# What the task requires:
In the entries below, every line with the string "False" is to be reported.

# Items from a data source:

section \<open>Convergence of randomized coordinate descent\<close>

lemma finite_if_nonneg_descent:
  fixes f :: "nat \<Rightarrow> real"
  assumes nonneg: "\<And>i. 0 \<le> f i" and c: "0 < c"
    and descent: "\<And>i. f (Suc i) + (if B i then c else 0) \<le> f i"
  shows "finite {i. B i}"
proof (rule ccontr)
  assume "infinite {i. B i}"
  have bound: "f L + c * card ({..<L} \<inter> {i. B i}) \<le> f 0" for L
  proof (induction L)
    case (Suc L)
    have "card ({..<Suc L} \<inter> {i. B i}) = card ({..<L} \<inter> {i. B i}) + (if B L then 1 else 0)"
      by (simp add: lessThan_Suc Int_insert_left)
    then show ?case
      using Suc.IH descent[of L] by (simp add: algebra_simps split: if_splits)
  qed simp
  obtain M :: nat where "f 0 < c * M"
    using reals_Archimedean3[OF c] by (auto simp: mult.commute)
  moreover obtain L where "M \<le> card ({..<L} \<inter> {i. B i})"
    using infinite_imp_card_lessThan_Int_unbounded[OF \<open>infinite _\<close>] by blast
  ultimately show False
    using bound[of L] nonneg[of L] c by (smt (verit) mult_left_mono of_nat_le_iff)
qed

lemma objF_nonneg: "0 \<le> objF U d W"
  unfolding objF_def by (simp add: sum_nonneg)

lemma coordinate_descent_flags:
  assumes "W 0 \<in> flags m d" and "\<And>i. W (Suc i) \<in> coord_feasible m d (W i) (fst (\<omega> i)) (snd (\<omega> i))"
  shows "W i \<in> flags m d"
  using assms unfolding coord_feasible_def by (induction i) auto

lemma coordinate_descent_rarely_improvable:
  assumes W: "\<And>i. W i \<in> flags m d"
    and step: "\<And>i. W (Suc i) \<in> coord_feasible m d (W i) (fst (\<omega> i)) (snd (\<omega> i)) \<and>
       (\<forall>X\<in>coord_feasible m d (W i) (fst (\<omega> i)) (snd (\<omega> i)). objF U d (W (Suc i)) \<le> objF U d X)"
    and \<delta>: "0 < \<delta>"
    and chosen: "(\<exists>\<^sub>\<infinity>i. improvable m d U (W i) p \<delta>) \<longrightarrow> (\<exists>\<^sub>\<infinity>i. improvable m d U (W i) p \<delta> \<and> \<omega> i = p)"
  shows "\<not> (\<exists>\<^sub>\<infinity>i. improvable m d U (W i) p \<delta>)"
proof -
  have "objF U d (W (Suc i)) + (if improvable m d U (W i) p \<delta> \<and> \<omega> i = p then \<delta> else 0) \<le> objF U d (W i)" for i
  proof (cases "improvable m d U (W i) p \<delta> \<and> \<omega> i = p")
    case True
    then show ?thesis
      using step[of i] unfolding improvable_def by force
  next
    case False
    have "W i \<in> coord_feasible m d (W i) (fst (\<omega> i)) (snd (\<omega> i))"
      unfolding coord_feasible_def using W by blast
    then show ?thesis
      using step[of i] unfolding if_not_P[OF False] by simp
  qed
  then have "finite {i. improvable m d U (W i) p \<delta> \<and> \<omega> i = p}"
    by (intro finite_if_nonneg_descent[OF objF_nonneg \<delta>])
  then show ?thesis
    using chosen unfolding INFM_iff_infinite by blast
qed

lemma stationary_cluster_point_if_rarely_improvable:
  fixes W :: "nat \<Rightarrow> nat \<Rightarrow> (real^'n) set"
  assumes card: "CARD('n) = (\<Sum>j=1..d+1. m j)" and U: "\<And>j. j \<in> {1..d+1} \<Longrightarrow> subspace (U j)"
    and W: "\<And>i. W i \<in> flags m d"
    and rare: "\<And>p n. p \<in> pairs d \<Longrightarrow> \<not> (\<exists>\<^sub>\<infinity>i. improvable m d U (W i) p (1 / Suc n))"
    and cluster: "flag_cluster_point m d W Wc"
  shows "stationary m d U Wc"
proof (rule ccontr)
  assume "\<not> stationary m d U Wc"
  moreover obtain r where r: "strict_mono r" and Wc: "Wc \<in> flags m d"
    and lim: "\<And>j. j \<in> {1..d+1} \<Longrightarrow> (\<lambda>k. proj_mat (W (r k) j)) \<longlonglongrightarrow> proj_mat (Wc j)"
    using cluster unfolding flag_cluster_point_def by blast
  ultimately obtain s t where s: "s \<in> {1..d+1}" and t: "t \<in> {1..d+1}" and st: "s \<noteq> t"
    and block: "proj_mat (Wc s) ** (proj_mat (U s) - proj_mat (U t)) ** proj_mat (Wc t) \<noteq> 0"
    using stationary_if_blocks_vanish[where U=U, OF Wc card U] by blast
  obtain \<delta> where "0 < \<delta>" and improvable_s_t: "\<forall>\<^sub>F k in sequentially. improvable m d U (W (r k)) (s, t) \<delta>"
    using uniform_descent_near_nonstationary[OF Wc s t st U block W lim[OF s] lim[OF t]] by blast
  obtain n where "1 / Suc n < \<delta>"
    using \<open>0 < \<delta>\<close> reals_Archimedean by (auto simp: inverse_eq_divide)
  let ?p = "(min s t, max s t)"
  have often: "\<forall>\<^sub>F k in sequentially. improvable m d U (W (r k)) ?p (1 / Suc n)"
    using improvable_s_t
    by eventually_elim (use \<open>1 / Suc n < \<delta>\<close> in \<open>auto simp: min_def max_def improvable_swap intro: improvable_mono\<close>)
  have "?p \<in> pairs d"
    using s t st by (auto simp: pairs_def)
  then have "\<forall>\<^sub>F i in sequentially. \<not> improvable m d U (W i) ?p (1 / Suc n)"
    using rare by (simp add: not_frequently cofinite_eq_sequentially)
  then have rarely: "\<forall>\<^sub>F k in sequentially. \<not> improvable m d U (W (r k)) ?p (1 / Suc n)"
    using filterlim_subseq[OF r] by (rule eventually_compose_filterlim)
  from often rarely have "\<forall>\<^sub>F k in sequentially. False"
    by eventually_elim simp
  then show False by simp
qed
--
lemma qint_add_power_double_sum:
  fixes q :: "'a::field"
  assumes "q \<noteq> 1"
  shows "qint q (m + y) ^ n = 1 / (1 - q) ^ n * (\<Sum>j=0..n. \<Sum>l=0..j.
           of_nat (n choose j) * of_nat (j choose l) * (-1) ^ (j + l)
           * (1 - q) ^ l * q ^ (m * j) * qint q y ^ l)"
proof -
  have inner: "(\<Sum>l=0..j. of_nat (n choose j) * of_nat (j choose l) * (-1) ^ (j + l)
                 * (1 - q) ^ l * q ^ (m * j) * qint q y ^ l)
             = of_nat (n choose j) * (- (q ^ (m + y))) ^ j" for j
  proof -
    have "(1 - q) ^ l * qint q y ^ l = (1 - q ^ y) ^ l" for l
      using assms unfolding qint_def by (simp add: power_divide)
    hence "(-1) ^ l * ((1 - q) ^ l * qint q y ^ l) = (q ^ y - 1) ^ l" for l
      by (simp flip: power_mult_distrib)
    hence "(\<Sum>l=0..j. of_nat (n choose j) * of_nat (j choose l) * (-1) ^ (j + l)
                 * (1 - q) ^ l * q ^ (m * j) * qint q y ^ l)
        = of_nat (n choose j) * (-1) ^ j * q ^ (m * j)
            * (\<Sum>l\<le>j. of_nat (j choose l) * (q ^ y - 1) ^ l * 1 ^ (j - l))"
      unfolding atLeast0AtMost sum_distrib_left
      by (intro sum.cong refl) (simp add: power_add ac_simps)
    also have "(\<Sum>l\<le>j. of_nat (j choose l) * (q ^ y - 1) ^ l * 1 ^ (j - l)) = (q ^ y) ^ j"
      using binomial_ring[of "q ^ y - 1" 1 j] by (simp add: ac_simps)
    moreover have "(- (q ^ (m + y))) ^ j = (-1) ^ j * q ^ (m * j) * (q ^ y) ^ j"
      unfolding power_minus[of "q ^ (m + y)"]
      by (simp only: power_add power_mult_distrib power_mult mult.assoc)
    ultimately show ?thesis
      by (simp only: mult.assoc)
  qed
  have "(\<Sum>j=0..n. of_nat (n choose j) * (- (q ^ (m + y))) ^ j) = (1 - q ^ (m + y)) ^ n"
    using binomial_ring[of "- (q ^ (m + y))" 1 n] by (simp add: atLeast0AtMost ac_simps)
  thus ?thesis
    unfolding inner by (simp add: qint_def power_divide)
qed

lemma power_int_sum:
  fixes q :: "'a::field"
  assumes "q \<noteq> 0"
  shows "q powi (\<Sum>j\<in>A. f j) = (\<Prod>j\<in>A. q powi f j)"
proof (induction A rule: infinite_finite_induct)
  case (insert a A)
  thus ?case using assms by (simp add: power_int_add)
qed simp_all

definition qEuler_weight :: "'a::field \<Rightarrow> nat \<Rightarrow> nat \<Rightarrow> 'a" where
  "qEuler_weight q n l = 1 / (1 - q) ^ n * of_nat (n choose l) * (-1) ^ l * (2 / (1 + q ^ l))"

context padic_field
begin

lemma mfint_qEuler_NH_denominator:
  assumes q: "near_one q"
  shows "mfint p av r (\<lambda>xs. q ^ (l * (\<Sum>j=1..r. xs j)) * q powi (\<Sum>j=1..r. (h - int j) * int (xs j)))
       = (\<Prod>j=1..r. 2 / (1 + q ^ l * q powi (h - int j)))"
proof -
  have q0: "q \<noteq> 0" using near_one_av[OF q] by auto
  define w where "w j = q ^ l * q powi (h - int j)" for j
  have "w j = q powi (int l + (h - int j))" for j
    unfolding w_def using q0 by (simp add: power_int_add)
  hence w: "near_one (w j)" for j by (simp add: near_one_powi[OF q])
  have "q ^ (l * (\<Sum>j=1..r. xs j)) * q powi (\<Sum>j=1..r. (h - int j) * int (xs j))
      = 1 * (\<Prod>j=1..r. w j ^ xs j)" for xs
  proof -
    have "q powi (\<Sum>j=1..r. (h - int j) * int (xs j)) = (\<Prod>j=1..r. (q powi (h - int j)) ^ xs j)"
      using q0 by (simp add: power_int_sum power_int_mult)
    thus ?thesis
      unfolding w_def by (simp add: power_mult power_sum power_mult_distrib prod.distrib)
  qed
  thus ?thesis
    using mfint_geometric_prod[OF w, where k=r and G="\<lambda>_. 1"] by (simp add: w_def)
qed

# Answer section:
  ultimately show False
    case False
      using step[of i] unfolding if_not_P[OF False] by simp
  from often rarely have "\<forall>\<^sub>F k in sequentially. False"
  then show False by simp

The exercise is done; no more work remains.